### TO DO
Your answer should consist of the lines in the following data that contain "ultimately".

### MATERIAL FOR THE TASK
lemma lsc_fun_tilt:
  assumes "lsc_fun f" "\<forall>x. f x \<noteq> -\<infinity>"
  shows "lsc_fun (tilt f u)"
proof (rule lsc_funI)
  fix z and a :: ereal
  assume a: "a < tilt f u z"
  show "eventually (\<lambda>y. a < tilt f u y) (nhds z)"
  proof (cases a)
    case MInf
    have "-\<infinity> < tilt f u y" for y
      using assms(2) by (cases "f y") (auto simp: tilt_def)
    then show ?thesis using MInf by (simp add: always_eventually)
  next
    case PInf
    then show ?thesis using a by simp
  next
    case (real r)
    then have "ereal (r + u \<bullet> z) < f z" using a
      by (cases "f z") (auto simp: tilt_def)
    then obtain s where "ereal (r + u \<bullet> z) < ereal s" "ereal s < f z"
      using ereal_dense2 by blast
    then have s: "r + u \<bullet> z < s" "ereal s < f z" by simp_all
    have "eventually (\<lambda>y. ereal s < f y) (nhds z)"
      using lsc_fun_eventually_gt[OF assms(1) filterlim_ident s(2)] .
    moreover have "eventually (\<lambda>y. u \<bullet> y < s - r) (nhds z)"
      using s(1)
      by (intro order_tendstoD(2)[of "\<lambda>y. u \<bullet> y" "u \<bullet> z"] tendsto_intros filterlim_ident) simp
    ultimately show ?thesis
    proof eventually_elim
      case (elim y)
      then show ?case using real by (cases "f y") (auto simp: tilt_def)
    qed
  qed
qed

lemma frequently_less_of_Liminf_less:
  fixes g :: "'b \<Rightarrow> 'c::complete_linorder"
  assumes "Liminf F g < c"
  shows "frequently (\<lambda>k. g k < c) F"
proof -
  from assms have "\<not> c \<le> Liminf F g" by simp
  then obtain y where "y < c" "\<not> eventually (\<lambda>k. y < g k) F"
    unfolding le_Liminf_iff by blast
  then show ?thesis
    by (auto simp: not_eventually not_less elim: frequently_elim1 intro: le_less_trans)
qed

lemma ereal_divide_le:
  assumes "g \<le> ereal c" "0 < t"
  shows "g / ereal t \<le> ereal (c / t)"
  using assms by (cases g) (auto simp: divide_right_mono)

lemma ereal_divide_less_imp_le:
  assumes "g / ereal t < ereal c" "0 < t"
  shows "g \<le> ereal (c * t)"
  using assms by (cases g) (auto simp: pos_divide_less_eq)

lemma eventually_ge_of_filterlim_at_top:
  "filterlim t at_top F \<Longrightarrow> eventually (\<lambda>k. (c::real) \<le> t k) F"
  by (simp add: filterlim_at_top)

lemma tilt_zero [simp]: "tilt f 0 x = f x"
  by (simp add: tilt_def)

lemma tilt_le_imp_le:
  assumes "tilt f u x \<le> tilt f u y" "f y = ereal b"
  shows "f x \<le> ereal (b + u \<bullet> (x - y))"
  using assms by (cases "f x") (auto simp: tilt_def inner_diff_right)

lemma Sol_zero_finite:
  assumes "proper_fun f" "edom f \<inter> X \<noteq> {}" "x \<in> Sol f X 0"
  shows "\<exists>m. f x = ereal m"
proof -
  obtain y where "y \<in> X" "f y < \<infinity>"
    using assms(2) by (auto simp: edom_def)
  with assms(3) have "f x < \<infinity>"
    by (auto simp: Sol_def intro: le_less_trans)
  moreover have "f x \<noteq> -\<infinity>"
    using assms(1) by (simp add: proper_fun_def)
  ultimately show ?thesis by (cases "f x") auto
qed

lemma Sol_zero_inner_le:
  assumes "x \<in> Sol f X 0" "z \<in> Sol f X u" "f x = ereal m"
  shows "u \<bullet> x \<le> u \<bullet> z"
proof -
  have "f z \<le> ereal (m + u \<bullet> (z - x))"
    using assms by (intro tilt_le_imp_le) (auto simp: Sol_def)
  moreover have "ereal m \<le> f z"
    using assms by (auto simp: Sol_def)
  ultimately have "ereal m \<le> ereal (m + u \<bullet> (z - x))" by (rule order_trans[rotated])
  then have "m \<le> m + u \<bullet> (z - x)" by simp
  then show ?thesis by (simp add: inner_diff_right)
qed

lemma Sol_closed_graph:
  assumes "lsc_fun f" "\<forall>x. f x \<noteq> -\<infinity>" "closed X"
    and "u \<longlonglongrightarrow> u0" "\<forall>k. z k \<in> Sol f X (u k)" "z \<longlonglongrightarrow> z0"
  shows "z0 \<in> Sol f X u0"
proof -
  have "\<forall>k. z k \<in> X" using assms(5) by (simp add: Sol_def)
  then have "z0 \<in> X"
    using assms(3,6) closed_sequentially by blast
  moreover have "tilt f u0 z0 \<le> tilt f u0 y" if "y \<in> X" for y
  proof (cases "f y")
    case (real b)
    have "f (z k) \<le> ereal (b + u k \<bullet> (z k - y))" for k
      using assms(5) that real by (intro tilt_le_imp_le) (auto simp: Sol_def)
    then have "frequently (\<lambda>k. f (z k) \<le> ereal (b + u k \<bullet> (z k - y))) sequentially"
      by (simp add: always_eventually eventually_frequently)
    moreover have "(\<lambda>k. b + u k \<bullet> (z k - y)) \<longlonglongrightarrow> b + u0 \<bullet> (z0 - y)"
      using assms(4,6) by (intro tendsto_intros)
    ultimately have "f z0 \<le> ereal (b + u0 \<bullet> (z0 - y))"
      by (intro lsc_fun_le_of_frequently[OF assms(1,6)])
    then show ?thesis
      using real by (cases "f z0") (auto simp: tilt_def inner_diff_right)
  next
    case PInf
    then show ?thesis by (simp add: tilt_def)
  next
    case MInf
    then show ?thesis using assms(2) by simp
  qed
  ultimately show ?thesis by (simp add: Sol_def)
qed

lemma Sol_nonempty_if_level_bounded:
  fixes f :: "'a::euclidean_space \<Rightarrow> ereal"
  assumes "lsc_fun f" "\<forall>x. f x \<noteq> -\<infinity>" "closed X" "x0 \<in> X"
    and level_bounded: "\<And>x. x \<in> X \<Longrightarrow> tilt f u x \<le> tilt f u x0 \<Longrightarrow> norm x \<le> R"
  shows "Sol f X u \<noteq> {}"
proof -
  let ?K = "cball 0 R \<inter> X"
  have "x0 \<in> ?K" using assms(4) level_bounded by simp
  moreover have "compact ?K"
    using assms(3) by (intro compact_Int_closed) auto
  ultimately obtain z where z: "z \<in> ?K" "\<forall>y\<in>?K. tilt f u z \<le> tilt f u y"
    using lsc_fun_attains_min[OF lsc_fun_tilt[OF assms(1,2)]] by blast
  have "tilt f u z \<le> tilt f u y" if "y \<in> X" for y
  proof (cases "norm y \<le> R")
    case False
    then have "\<not> tilt f u y \<le> tilt f u x0"
      using level_bounded[OF that] by auto
    then have "tilt f u x0 < tilt f u y" by simp
    moreover have "tilt f u z \<le> tilt f u x0" using z(2) \<open>x0 \<in> ?K\<close> by blast
    ultimately show ?thesis by simp
  qed (use z that in auto)
  with z(1) show ?thesis by (auto simp: Sol_def)
qed

lemma Kf_memI:
  assumes t: "filterlim t at_top sequentially" and e: "e \<longlonglongrightarrow> d"
    and bound: "eventually (\<lambda>k. f (t k *\<^sub>R e k) \<le> ereal (b k)) sequentially"
    and b: "(\<lambda>k. b k / t k) \<longlonglongrightarrow> 0"
  shows "d \<in> Kf f"
proof -
  have "eventually (\<lambda>k. f (t k *\<^sub>R e k) / ereal (t k) \<le> ereal (b k / t k)) sequentially"
    using bound eventually_ge_of_filterlim_at_top[OF t, of 1]
    by eventually_elim (simp add: ereal_divide_le)
  then have "liminf (\<lambda>k. f (t k *\<^sub>R e k) / ereal (t k)) \<le> liminf (\<lambda>k. ereal (b k / t k))"
    by (rule Liminf_mono)
  also have "\<dots> = 0"
    using lim_imp_Liminf[OF _ tendsto_ereal[OF b]] by (simp add: zero_ereal_def)
  finally have "asym_fun f d \<le> 0"
    unfolding asym_fun_def using t e by (blast intro: Inf_lower2)
  then show ?thesis by (simp add: Kf_def)
qed

lemma zero_in_Kf:
  assumes "proper_fun f"
  shows "0 \<in> Kf f"
proof -
  obtain y where "f y \<noteq> \<infinity>" "f y \<noteq> -\<infinity>"
    using assms by (auto simp: proper_fun_def)
  then obtain c where "f y = ereal c" by (cases "f y") auto
  have bound: "eventually (\<lambda>k. f (real k *\<^sub>R ((1 / real k) *\<^sub>R y)) \<le> ereal c) sequentially"
    using eventually_gt_at_top[of 0] by eventually_elim (simp add: \<open>f y = ereal c\<close>)
  have "(\<lambda>k. (1 / real k) *\<^sub>R y) \<longlonglongrightarrow> 0"
    using tendsto_scaleR[OF lim_1_over_n tendsto_const[of y]] by simp
  from Kf_memI[OF filterlim_real_sequentially this bound lim_const_over_n]
  show ?thesis .
qed

lemma zero_in_asym_cone:
  assumes "X \<noteq> {}"
  shows "(0::'a::real_normed_vector) \<in> asym_cone X"
proof -
  obtain x where "x \<in> X" using assms by blast
  have "(\<lambda>k. (1 / real k) *\<^sub>R x) \<longlonglongrightarrow> 0"
    using tendsto_scaleR[OF lim_1_over_n tendsto_const[of x]] by simp
  then show ?thesis
    unfolding asym_cone_def using \<open>x \<in> X\<close> filterlim_real_sequentially
    by (intro CollectI exI[of _ real] exI[of _ "\<lambda>_. x"]) auto
qed

lemma normalized_subseq_tendsto:
  fixes Y :: "nat \<Rightarrow> 'a::euclidean_space"
  assumes "\<And>k. Y k \<noteq> 0"
  obtains r d where "strict_mono r" "norm d = 1"
    "(\<lambda>k. (1 / norm (Y (r k))) *\<^sub>R Y (r k)) \<longlonglongrightarrow> d"
proof -
  let ?y = "\<lambda>k. (1 / norm (Y k)) *\<^sub>R Y k"
  have "\<forall>k. ?y k \<in> sphere 0 1"
    using assms by simp
  from seq_compactE[OF compact_imp_seq_compact[OF compact_sphere], where f = ?y, OF this]
  obtain d r where "d \<in> sphere 0 1" "strict_mono r" "(?y \<circ> r) \<longlonglongrightarrow> d" .
  with that show thesis by (simp add: comp_def)
qed

lemma Kf_mem_of_tilt_level:
  fixes f :: "'a::real_inner \<Rightarrow> ereal"
  assumes "f x0 = ereal m" and tilt_le: "\<And>k. tilt f (U k) (Y k) \<le> tilt f (U k) x0"
    and U: "U \<longlonglongrightarrow> 0" and t: "filterlim (\<lambda>k. norm (Y k)) at_top sequentially"
    and d: "(\<lambda>k. (1 / norm (Y k)) *\<^sub>R Y k) \<longlonglongrightarrow> d"
  shows "d \<in> Kf f"
proof (rule Kf_memI[OF t d])
  define b where "b k = m + norm (U k) * (norm (Y k) + norm x0)" for k
  show "eventually (\<lambda>k. f (norm (Y k) *\<^sub>R ((1 / norm (Y k)) *\<^sub>R Y k)) \<le> ereal (b k)) sequentially"
    using eventually_ge_of_filterlim_at_top[OF t, of 1]
  proof eventually_elim
    case (elim k)
    have "U k \<bullet> (Y k - x0) \<le> norm (U k) * norm (Y k - x0)"
      using Cauchy_Schwarz_ineq2 abs_ge_self order_trans by blast
    also have "\<dots> \<le> norm (U k) * (norm (Y k) + norm x0)"
      by (intro mult_left_mono norm_triangle_ineq4) simp
    finally have "ereal (m + U k \<bullet> (Y k - x0)) \<le> ereal (b k)"
      by (simp add: b_def)
    with tilt_le_imp_le[OF tilt_le assms(1)] have "f (Y k) \<le> ereal (b k)"
      by (rule order_trans)
    moreover have "Y k \<noteq> 0" using elim by auto
    ultimately show ?case by simp
  qed
  have "(\<lambda>k. 1 / norm (Y k)) \<longlonglongrightarrow> 0"
    using tendsto_inverse_0_at_top[OF t] by (simp add: divide_inverse)
  then have "(\<lambda>k. m * (1 / norm (Y k)) + norm (U k) + norm (U k) * norm x0 * (1 / norm (Y k)))
      \<longlonglongrightarrow> m * 0 + norm (0::'a) + norm (0::'a) * norm x0 * 0"
    by (intro tendsto_intros U)
  moreover have "eventually (\<lambda>k. m * (1 / norm (Y k)) + norm (U k) + norm (U k) * norm x0 * (1 / norm (Y k))
      = b k / norm (Y k)) sequentially"
    using eventually_ge_of_filterlim_at_top[OF t, of 1]
  proof eventually_elim
    case (elim k)
    then have "norm (Y k) \<noteq> 0" by auto
    then show ?case by (simp add: b_def field_simps)
  qed
  ultimately show "(\<lambda>k. b k / norm (Y k)) \<longlonglongrightarrow> 0"
    by (simp add: Lim_transform_eventually)
qed
lemma (in prob_space) bernstein_mgf_le:
  fixes X :: "'a \<Rightarrow> real"
  assumes X: "integrable M X" "expectation X = 0"
    and var: "integrable M (\<lambda>\<omega>. (X \<omega>)\<^sup>2)" "expectation (\<lambda>\<omega>. (X \<omega>)\<^sup>2) = v"
    and moments: "\<And>j. 3 \<le> j \<Longrightarrow> integrable M (\<lambda>\<omega>. \<bar>X \<omega>\<bar> ^ j) \<and>
                          expectation (\<lambda>\<omega>. \<bar>X \<omega>\<bar> ^ j) \<le> 1/2 * fact j * v * b ^ (j - 2)"
    and l: "0 \<le> l" "0 \<le> b" "l * b < 1"
  shows "integrable M (\<lambda>\<omega>. exp (l * X \<omega>))
         \<and> expectation (\<lambda>\<omega>. exp (l * X \<omega>)) \<le> 1 + l\<^sup>2 * v / (2 * (1 - l * b))"
proof -
  define tail where "tail \<omega> = (\<Sum>j. \<bar>l * X \<omega>\<bar> ^ (j + 2) / fact (j + 2))" for \<omega>
  have tail: "integrable M tail" "expectation tail \<le> l\<^sup>2 * v / (2 * (1 - l * b))"
    using abs_moment_series_le[OF var moments l] unfolding tail_def[abs_def] by auto
  have exp_le: "exp (l * X \<omega>) \<le> 1 + l * X \<omega> + tail \<omega>" for \<omega>
    unfolding tail_def by (rule exp_le_one_plus_abs_tail)
  have bound_int: "integrable M (\<lambda>\<omega>. 1 + l * X \<omega> + tail \<omega>)"
    using tail X by auto
  have exp_int: "integrable M (\<lambda>\<omega>. exp (l * X \<omega>))"
    using exp_le borel_measurable_integrable[OF X(1)]
    by (intro Bochner_Integration.integrable_bound[OF bound_int]) (auto intro!: AE_I2 order_trans[OF _ abs_ge_self])
  have "expectation (\<lambda>\<omega>. exp (l * X \<omega>)) \<le> expectation (\<lambda>\<omega>. 1 + l * X \<omega> + tail \<omega>)"
    by (rule integral_mono[OF exp_int bound_int exp_le])
  also have "\<dots> = 1 + expectation tail"
    using tail X by (simp add: prob_space)
  finally show ?thesis using exp_int tail by simp
qed

lemma (in prob_space) prob_sum_nonneg_le_mgf_power:
  fixes Z :: "'t \<Rightarrow> 'a \<Rightarrow> real"
  assumes I: "finite I" and indep: "indep_vars (\<lambda>_. borel) (\<lambda>t \<omega>. exp (l * Z t \<omega>)) I"
    and Z: "\<And>t. t \<in> I \<Longrightarrow> Z t \<in> borel_measurable M"
    and mgf: "\<And>t. t \<in> I \<Longrightarrow> integrable M (\<lambda>\<omega>. exp (l * Z t \<omega>))
                                \<and> expectation (\<lambda>\<omega>. exp (l * Z t \<omega>)) \<le> c"
    and l: "0 \<le> l"
  shows "prob {\<omega> \<in> space M. 0 \<le> (\<Sum>t\<in>I. Z t \<omega>)} \<le> c ^ card I"
proof -
  let ?E = "{\<omega> \<in> space M. 0 \<le> (\<Sum>t\<in>I. Z t \<omega>)}"
  have E: "?E \<in> events" using Z I by measurable
  have prod_int: "integrable M (\<lambda>\<omega>. \<Prod>t\<in>I. exp (l * Z t \<omega>))"
    using indep_vars_integrable[OF I indep] mgf by simp
  have indicator_le: "indicator ?E \<omega> \<le> (\<Prod>t\<in>I. exp (l * Z t \<omega>))" for \<omega>
  proof (cases "\<omega> \<in> ?E")
    case True
    then have "1 \<le> exp (l * (\<Sum>t\<in>I. Z t \<omega>))" using l by simp
    then show ?thesis using True I by (simp add: sum_distrib_left exp_sum)
  qed (simp add: prod_nonneg)
  have "prob ?E = expectation (indicator ?E)" using E by simp
  also have "\<dots> \<le> expectation (\<lambda>\<omega>. \<Prod>t\<in>I. exp (l * Z t \<omega>))"
    using E by (intro integral_mono[OF _ prod_int indicator_le]) (simp add: integrable_indicator_iff less_top[symmetric])
  also have "\<dots> = (\<Prod>t\<in>I. expectation (\<lambda>\<omega>. exp (l * Z t \<omega>)))"
    using indep_vars_lebesgue_integral[OF I indep] mgf by simp
  also have "\<dots> \<le> (\<Prod>t\<in>I. c)"
    using mgf by (intro prod_mono) (auto intro: integral_nonneg)
  finally show ?thesis by simp
qed
lemma Gmat_sgn_bit_eigenvector:
  assumes f: "f \<in> RM m d" and x: "x \<in> cube m" and "d \<le> m"
  shows "(\<Sum>g\<in>RM m d. Gmat m d f g * sgn_bit (g x)) = (1 - 2 / 2 ^ d) * sgn_bit (f x)"
proof -
  let ?T = "Tgen m d" and ?R = "RM m d"
  have "(\<Sum>g\<in>?R. Gmat m d f g * sgn_bit (g x)) =
      (\<Sum>g\<in>?R. if (\<lambda>y. f y - g y) \<in> ?T then sgn_bit (g x) / card ?T else 0)"
    by (intro sum.cong refl) (simp add: Gmat_def)
  also have "\<dots> = (\<Sum>g\<in>{g\<in>?R. (\<lambda>y. f y - g y) \<in> ?T}. sgn_bit (g x) / card ?T)"
    by (rule sum.inter_filter[OF finite_RM, symmetric])
  also have "\<dots> = (\<Sum>\<tau>\<in>?T. sgn_bit (f x + \<tau> x) / card ?T)"
  proof (rule sum.reindex_bij_witness[of _ "\<lambda>\<tau> y. f y + \<tau> y" "\<lambda>g y. f y - g y"])
    show "(\<lambda>y. f y + \<tau> y) \<in> {g\<in>?R. (\<lambda>y. f y - g y) \<in> ?T}" if "\<tau> \<in> ?T" for \<tau>
      using that f Tgen_subset_RM by (auto simp: add.assoc[symmetric] intro: RM_add)
  qed (auto simp: add.assoc[symmetric])
  also have "\<dots> = sgn_bit (f x) * (\<Sum>\<tau>\<in>?T. sgn_bit (\<tau> x)) / card ?T"
    by (simp add: sgn_bit_add sum_distrib_left sum_divide_distrib)
  also have "\<dots> = (1 - 2 / 2 ^ d) * sgn_bit (f x)"
    using Tgen_nonempty[OF \<open>d \<le> m\<close>] finite_Tgen by (simp add: sum_Tgen_sgn_bit[OF x])
  finally show ?thesis .
qed
theorem lemma2p1:
  fixes f \<phi> :: "real^'n::finite \<Rightarrow> real \<Rightarrow> real"
    and p \<alpha> \<beta> c :: real
  assumes hp: "p > 1"
    and f_smooth: "smooth_half f"
    and f_pos: "\<forall>x t. 0 \<le> t \<longrightarrow> f x t > 0"
    and f_eq: "\<forall>x t. 0 \<le> t \<longrightarrow> dt f x t = lap f x t + f x t powr p"
    and phi_smooth: "smooth_half \<phi>"
    and phi_nonneg: "\<forall>x t. 0 \<le> t \<longrightarrow> \<phi> x t \<ge> 0"
  defines "u \<equiv> (\<lambda>x t. ln (f x t))"
    and "H \<equiv> (\<lambda>x t. \<alpha> * lap (\<lambda>y s. ln (f y s)) x t
                     + \<beta> * (norm (grad (\<lambda>y s. ln (f y s)) x t))\<^sup>2
                     + c * exp (ln (f x t) * (p - 1)) + \<phi> x t)"
  shows "\<forall>x t. 0 \<le> t \<longrightarrow>
    dt H x t = lap H x t + 2 * (grad H x t \<bullet> grad u x t)
      + (p - 1) * exp (u x t * (p - 1)) * H x t
      + 2 * (\<alpha> - \<beta>) * hess_sq u x t
      + (\<alpha> * (p - 1) + \<beta> - c * p) * (p - 1) * exp (u x t * (p - 1)) * (norm (grad u x t))\<^sup>2
      - (p - 1) * exp (u x t * (p - 1)) * \<phi> x t
      + dt \<phi> x t - lap \<phi> x t - 2 * (grad \<phi> x t \<bullet> grad u x t)"
proof (intro allI impI)
  fix x :: "real^'n" and t :: real
  assume "0 \<le> t"
  obtain G where G: "smooth_full G" "\<forall>x s. 0 \<le> s \<longrightarrow> G x s = f x s"
    using f_smooth by (auto simp: smooth_half_def)
  obtain \<Phi> where \<Phi>: "smooth_full \<Phi>" "\<forall>x s. 0 \<le> s \<longrightarrow> \<Phi> x s = \<phi> x s"
    using phi_smooth by (auto simp: smooth_half_def)
  interpret S: positive_smooth_slice G t
    by (rule positive_smooth_slice_extension[OF G f_pos \<open>0 \<le> t\<close>])
  have H_spacetime: "\<forall>s\<ge>0. H y s = harnack_spacetime G \<Phi> p \<alpha> \<beta> c y s" for y
    unfolding H_def using harnack_spacetime_extension[OF G f_pos \<Phi>(2)] by blast
  note dtH = dt_eqI[OF S.harnack_spacetime_evolution[OF \<Phi>(1)
      heat_equation_extension[OF G f_eq \<open>0 \<le> t\<close>]] \<open>0 \<le> t\<close> H_spacetime]
  have H_slice: "(\<lambda>y. H y t) = S.harnack p \<alpha> \<beta> c (\<lambda>y. \<Phi> y t)"
    using H_spacetime \<open>0 \<le> t\<close> by (simp add: fun_eq_iff S.harnack_eq_harnack_spacetime)
  have u_slice: "(\<lambda>y. u y t) = S.u"
    using G(2) \<open>0 \<le> t\<close> by (simp add: u_def S.u_def[abs_def])
  have \<phi>_slice: "(\<lambda>y. \<phi> y t) = (\<lambda>y. \<Phi> y t)"
    using \<Phi>(2) \<open>0 \<le> t\<close> by simp
  show "dt H x t = lap H x t + 2 * (grad H x t \<bullet> grad u x t)
      + (p - 1) * exp (u x t * (p - 1)) * H x t
      + 2 * (\<alpha> - \<beta>) * hess_sq u x t
      + (\<alpha> * (p - 1) + \<beta> - c * p) * (p - 1) * exp (u x t * (p - 1)) * (norm (grad u x t))\<^sup>2
      - (p - 1) * exp (u x t * (p - 1)) * \<phi> x t
      + dt \<phi> x t - lap \<phi> x t - 2 * (grad \<phi> x t \<bullet> grad u x t)"
    unfolding dtH dt_eq_time_deriv[OF \<Phi> \<open>0 \<le> t\<close>] lap_eq_sum_partial grad_inner_eq_sum_partial
      hess_sq_eq_sum_partial norm_grad_sq_eq_sum_partial H_slice u_slice \<phi>_slice
    using fun_cong[OF H_slice, of x] fun_cong[OF u_slice, of x] fun_cong[OF \<phi>_slice, of x]
    by (simp add: S.hess_sq_u_def S.grad_sq_u_def)
qed

end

### SOLUTION TO THIS EXERCISE
    ultimately show ?thesis
  ultimately show ?thesis by (cases "f x") auto
  ultimately have "ereal m \<le> ereal (m + u \<bullet> (z - x))" by (rule order_trans[rotated])
    ultimately have "f z0 \<le> ereal (b + u0 \<bullet> (z0 - y))"
  ultimately show ?thesis by (simp add: Sol_def)
  ultimately obtain z where z: "z \<in> ?K" "\<forall>y\<in>?K. tilt f u z \<le> tilt f u y"
    ultimately show ?thesis by simp
    ultimately show ?case by simp
  ultimately show "(\<lambda>k. b k / norm (Y k)) \<longlonglongrightarrow> 0"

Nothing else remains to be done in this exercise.